'''
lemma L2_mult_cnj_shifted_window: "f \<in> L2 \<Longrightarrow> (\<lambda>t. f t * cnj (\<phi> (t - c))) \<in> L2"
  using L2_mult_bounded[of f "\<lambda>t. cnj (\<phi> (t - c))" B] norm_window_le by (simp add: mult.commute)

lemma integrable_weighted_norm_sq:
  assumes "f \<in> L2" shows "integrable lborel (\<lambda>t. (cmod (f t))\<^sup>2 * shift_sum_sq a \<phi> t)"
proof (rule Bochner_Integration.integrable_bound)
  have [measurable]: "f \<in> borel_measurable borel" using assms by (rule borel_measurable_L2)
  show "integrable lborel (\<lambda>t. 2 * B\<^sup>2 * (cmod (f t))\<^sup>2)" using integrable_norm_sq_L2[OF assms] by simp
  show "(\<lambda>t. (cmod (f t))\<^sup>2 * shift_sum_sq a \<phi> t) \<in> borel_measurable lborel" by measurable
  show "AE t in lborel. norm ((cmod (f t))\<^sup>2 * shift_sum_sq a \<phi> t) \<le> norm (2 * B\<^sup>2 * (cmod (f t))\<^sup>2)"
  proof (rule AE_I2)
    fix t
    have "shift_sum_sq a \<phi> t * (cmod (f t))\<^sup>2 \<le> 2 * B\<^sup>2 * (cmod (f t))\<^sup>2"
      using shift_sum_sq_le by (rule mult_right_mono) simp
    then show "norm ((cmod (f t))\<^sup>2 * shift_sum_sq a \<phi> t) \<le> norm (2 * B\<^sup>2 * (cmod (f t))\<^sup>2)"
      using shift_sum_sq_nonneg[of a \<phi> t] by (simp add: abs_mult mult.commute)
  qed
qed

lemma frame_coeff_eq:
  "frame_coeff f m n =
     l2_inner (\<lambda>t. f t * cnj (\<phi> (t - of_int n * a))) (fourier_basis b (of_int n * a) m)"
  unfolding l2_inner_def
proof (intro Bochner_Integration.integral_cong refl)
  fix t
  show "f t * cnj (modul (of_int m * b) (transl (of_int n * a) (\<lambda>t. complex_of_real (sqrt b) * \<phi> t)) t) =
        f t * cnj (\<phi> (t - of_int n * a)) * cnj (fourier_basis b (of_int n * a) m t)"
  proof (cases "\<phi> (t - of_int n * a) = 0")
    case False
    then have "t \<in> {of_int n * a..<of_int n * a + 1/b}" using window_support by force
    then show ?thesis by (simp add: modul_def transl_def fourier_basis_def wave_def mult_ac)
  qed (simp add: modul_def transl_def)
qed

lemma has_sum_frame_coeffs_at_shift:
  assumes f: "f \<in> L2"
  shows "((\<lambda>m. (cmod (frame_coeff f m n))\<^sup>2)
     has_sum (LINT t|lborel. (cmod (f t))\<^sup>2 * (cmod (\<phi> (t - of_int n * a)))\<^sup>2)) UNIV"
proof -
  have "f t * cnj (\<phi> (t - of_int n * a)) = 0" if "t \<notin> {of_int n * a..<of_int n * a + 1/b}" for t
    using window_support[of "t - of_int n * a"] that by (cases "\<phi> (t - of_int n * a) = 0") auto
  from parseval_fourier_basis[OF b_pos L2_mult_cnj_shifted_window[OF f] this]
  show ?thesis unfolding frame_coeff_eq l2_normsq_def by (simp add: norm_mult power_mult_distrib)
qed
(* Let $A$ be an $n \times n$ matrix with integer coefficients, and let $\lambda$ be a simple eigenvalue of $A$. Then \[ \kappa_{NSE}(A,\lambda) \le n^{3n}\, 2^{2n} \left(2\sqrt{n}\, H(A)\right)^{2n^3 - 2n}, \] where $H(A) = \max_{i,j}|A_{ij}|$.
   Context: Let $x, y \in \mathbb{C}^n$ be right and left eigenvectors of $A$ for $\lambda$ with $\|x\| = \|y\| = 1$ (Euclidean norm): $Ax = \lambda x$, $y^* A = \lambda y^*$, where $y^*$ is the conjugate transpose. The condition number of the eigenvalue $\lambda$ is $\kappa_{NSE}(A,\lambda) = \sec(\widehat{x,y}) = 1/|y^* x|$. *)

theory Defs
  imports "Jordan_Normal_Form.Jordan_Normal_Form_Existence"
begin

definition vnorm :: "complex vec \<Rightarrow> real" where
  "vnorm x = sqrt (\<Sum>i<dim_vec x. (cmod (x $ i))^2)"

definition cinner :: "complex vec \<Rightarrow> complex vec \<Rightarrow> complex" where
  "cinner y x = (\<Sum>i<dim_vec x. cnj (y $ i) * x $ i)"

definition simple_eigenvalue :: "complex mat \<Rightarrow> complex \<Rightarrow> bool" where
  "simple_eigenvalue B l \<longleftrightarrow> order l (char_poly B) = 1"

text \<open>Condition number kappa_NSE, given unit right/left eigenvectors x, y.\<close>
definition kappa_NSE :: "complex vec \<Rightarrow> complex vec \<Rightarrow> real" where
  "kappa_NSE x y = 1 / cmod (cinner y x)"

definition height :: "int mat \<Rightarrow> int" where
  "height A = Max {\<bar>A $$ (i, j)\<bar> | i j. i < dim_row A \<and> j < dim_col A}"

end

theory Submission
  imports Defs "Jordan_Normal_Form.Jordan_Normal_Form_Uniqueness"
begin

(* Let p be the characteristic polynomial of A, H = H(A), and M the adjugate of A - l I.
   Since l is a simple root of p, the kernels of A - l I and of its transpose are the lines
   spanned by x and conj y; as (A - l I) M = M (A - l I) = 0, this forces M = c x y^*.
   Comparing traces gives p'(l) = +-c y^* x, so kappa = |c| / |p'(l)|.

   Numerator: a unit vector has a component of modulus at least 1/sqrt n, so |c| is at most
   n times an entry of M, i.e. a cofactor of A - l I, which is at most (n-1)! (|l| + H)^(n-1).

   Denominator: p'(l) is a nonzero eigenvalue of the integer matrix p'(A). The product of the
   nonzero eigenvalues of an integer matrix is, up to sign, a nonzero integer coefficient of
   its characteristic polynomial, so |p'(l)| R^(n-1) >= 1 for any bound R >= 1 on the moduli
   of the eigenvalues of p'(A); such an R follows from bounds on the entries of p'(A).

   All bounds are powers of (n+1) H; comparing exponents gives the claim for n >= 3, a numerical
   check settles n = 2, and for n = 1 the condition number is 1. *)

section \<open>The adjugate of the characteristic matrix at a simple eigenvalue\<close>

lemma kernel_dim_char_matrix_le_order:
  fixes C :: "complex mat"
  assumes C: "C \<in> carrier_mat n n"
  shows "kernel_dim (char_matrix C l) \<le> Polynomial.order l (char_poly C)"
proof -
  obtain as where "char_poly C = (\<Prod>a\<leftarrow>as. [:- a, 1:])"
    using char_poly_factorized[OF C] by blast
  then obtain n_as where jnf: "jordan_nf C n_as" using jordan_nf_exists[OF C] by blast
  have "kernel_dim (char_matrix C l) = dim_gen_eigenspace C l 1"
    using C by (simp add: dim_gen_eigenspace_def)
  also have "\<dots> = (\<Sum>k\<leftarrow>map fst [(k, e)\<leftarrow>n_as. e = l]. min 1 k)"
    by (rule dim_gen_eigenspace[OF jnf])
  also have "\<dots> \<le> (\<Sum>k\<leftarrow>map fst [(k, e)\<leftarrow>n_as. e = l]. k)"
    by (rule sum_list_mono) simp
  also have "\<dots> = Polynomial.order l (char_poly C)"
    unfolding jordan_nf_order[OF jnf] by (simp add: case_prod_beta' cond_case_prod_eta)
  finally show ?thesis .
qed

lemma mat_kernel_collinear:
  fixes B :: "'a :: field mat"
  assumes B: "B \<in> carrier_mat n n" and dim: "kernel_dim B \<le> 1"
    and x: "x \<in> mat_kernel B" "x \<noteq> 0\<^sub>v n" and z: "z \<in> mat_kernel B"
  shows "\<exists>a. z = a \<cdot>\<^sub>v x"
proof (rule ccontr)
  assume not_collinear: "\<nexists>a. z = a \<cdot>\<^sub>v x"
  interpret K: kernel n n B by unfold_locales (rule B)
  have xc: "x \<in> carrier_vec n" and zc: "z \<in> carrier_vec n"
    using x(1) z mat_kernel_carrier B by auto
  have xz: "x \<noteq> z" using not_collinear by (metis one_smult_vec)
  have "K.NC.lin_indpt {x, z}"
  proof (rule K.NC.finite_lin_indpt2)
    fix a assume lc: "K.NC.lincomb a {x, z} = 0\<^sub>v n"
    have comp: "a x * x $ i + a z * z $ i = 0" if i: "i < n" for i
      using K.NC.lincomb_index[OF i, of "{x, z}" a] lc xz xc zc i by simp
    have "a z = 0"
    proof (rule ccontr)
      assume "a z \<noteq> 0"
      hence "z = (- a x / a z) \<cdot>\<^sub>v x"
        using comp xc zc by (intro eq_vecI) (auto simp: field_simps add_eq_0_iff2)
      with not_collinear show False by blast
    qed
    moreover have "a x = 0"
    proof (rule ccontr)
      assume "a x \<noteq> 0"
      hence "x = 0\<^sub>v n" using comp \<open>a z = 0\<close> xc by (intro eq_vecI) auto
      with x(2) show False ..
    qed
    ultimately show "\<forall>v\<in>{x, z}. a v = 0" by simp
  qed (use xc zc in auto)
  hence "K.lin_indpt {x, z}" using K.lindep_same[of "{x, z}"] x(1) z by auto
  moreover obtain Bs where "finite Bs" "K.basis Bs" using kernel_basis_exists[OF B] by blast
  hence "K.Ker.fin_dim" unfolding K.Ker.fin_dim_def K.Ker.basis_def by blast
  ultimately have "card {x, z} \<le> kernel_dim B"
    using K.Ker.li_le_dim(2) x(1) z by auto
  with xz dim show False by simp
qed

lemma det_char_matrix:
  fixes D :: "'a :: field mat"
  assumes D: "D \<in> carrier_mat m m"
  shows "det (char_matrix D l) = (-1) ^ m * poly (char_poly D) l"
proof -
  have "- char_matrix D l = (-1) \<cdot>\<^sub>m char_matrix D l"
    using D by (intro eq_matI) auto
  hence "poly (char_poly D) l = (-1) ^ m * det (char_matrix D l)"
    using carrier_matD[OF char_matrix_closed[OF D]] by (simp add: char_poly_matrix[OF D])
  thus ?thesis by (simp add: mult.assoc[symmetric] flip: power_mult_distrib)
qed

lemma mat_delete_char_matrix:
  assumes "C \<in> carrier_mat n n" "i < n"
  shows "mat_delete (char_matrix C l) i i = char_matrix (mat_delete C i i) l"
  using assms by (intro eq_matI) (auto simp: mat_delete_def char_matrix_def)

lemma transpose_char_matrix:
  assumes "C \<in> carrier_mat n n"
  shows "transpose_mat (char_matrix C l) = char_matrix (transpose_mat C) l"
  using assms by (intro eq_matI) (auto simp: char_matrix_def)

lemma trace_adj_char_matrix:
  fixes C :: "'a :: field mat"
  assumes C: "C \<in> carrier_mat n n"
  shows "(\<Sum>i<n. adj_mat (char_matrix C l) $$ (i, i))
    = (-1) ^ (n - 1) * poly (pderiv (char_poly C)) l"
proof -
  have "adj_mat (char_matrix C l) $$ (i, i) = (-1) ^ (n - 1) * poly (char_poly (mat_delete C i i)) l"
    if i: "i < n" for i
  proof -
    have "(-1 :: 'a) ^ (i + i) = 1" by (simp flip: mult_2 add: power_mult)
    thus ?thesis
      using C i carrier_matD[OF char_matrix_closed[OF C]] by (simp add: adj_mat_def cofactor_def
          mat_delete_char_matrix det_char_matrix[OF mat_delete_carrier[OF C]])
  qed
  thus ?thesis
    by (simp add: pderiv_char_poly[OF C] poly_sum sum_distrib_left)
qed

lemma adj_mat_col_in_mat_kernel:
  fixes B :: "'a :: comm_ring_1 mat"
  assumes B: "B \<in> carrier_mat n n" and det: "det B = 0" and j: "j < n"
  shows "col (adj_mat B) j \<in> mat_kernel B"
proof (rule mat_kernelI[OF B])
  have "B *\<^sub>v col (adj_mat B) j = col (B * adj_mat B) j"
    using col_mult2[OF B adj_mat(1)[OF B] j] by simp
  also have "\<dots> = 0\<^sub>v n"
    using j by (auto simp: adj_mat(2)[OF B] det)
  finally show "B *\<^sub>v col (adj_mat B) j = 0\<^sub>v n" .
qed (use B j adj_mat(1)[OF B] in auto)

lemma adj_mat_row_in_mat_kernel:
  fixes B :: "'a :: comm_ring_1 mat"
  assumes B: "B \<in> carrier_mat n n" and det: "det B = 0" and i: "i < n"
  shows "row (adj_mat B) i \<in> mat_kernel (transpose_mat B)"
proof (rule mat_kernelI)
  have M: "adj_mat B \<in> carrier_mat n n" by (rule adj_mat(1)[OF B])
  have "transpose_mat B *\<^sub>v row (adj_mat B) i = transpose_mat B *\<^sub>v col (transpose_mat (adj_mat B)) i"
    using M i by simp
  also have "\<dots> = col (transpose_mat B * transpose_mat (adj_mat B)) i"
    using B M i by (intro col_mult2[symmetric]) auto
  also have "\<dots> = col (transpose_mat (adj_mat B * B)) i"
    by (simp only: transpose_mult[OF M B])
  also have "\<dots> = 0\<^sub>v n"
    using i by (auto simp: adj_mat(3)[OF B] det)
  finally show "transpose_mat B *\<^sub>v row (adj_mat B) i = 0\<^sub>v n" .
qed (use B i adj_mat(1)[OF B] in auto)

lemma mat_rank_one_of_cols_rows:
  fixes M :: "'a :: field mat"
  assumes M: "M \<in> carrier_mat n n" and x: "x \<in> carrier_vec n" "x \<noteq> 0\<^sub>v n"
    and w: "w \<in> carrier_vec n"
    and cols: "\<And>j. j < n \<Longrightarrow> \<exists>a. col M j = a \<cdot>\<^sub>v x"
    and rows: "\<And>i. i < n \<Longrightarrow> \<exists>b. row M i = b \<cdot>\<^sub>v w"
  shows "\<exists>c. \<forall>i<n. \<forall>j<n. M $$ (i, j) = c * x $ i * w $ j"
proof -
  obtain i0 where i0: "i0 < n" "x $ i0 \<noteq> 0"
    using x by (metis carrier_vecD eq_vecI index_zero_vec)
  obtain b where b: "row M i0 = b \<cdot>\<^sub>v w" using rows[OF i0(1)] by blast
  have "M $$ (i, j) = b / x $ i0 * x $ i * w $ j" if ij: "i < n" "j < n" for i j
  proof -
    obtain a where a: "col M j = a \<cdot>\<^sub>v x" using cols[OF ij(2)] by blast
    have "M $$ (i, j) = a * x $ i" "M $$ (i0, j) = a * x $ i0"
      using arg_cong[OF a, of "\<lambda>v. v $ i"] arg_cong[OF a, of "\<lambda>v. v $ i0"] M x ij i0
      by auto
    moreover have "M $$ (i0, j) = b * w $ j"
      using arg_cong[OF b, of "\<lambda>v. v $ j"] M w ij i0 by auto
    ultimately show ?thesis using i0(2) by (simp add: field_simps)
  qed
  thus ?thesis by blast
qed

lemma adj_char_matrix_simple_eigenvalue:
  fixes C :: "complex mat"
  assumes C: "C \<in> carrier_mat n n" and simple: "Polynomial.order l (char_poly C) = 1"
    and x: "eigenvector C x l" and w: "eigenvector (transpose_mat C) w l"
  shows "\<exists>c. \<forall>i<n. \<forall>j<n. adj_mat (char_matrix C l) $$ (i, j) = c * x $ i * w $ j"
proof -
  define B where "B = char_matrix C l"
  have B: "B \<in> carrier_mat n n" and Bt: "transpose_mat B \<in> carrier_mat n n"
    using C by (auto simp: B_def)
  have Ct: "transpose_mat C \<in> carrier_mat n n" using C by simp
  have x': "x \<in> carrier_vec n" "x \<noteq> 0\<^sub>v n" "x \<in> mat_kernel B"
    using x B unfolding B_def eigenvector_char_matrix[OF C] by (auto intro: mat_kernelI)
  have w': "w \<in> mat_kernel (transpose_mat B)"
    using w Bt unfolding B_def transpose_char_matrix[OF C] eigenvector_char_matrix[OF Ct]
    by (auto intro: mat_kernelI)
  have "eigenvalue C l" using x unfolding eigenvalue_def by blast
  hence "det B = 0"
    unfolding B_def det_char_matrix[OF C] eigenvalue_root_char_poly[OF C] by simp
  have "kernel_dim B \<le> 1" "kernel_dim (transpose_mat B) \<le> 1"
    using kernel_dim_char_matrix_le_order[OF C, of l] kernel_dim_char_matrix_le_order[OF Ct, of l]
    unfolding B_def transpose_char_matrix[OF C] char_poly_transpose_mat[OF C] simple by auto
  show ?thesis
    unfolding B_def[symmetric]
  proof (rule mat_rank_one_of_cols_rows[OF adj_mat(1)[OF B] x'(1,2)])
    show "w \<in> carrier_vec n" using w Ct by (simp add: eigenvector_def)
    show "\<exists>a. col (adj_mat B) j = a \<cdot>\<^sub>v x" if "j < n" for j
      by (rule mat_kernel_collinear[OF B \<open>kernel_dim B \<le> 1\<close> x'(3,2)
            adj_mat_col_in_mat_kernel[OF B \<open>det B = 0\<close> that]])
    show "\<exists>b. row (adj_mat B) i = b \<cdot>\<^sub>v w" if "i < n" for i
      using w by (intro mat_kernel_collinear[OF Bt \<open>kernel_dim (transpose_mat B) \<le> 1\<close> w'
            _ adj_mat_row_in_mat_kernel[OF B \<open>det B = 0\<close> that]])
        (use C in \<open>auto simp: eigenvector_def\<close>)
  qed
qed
'''
## Task
Please return every line of the records that contains the word "cmod".

## Output for this exercise
  assumes "f \<in> L2" shows "integrable lborel (\<lambda>t. (cmod (f t))\<^sup>2 * shift_sum_sq a \<phi> t)"
  show "integrable lborel (\<lambda>t. 2 * B\<^sup>2 * (cmod (f t))\<^sup>2)" using integrable_norm_sq_L2[OF assms] by simp
  show "(\<lambda>t. (cmod (f t))\<^sup>2 * shift_sum_sq a \<phi> t) \<in> borel_measurable lborel" by measurable
  show "AE t in lborel. norm ((cmod (f t))\<^sup>2 * shift_sum_sq a \<phi> t) \<le> norm (2 * B\<^sup>2 * (cmod (f t))\<^sup>2)"
    have "shift_sum_sq a \<phi> t * (cmod (f t))\<^sup>2 \<le> 2 * B\<^sup>2 * (cmod (f t))\<^sup>2"
    then show "norm ((cmod (f t))\<^sup>2 * shift_sum_sq a \<phi> t) \<le> norm (2 * B\<^sup>2 * (cmod (f t))\<^sup>2)"
  shows "((\<lambda>m. (cmod (frame_coeff f m n))\<^sup>2)
     has_sum (LINT t|lborel. (cmod (f t))\<^sup>2 * (cmod (\<phi> (t - of_int n * a)))\<^sup>2)) UNIV"
  "vnorm x = sqrt (\<Sum>i<dim_vec x. (cmod (x $ i))^2)"
  "kappa_NSE x y = 1 / cmod (cinner y x)"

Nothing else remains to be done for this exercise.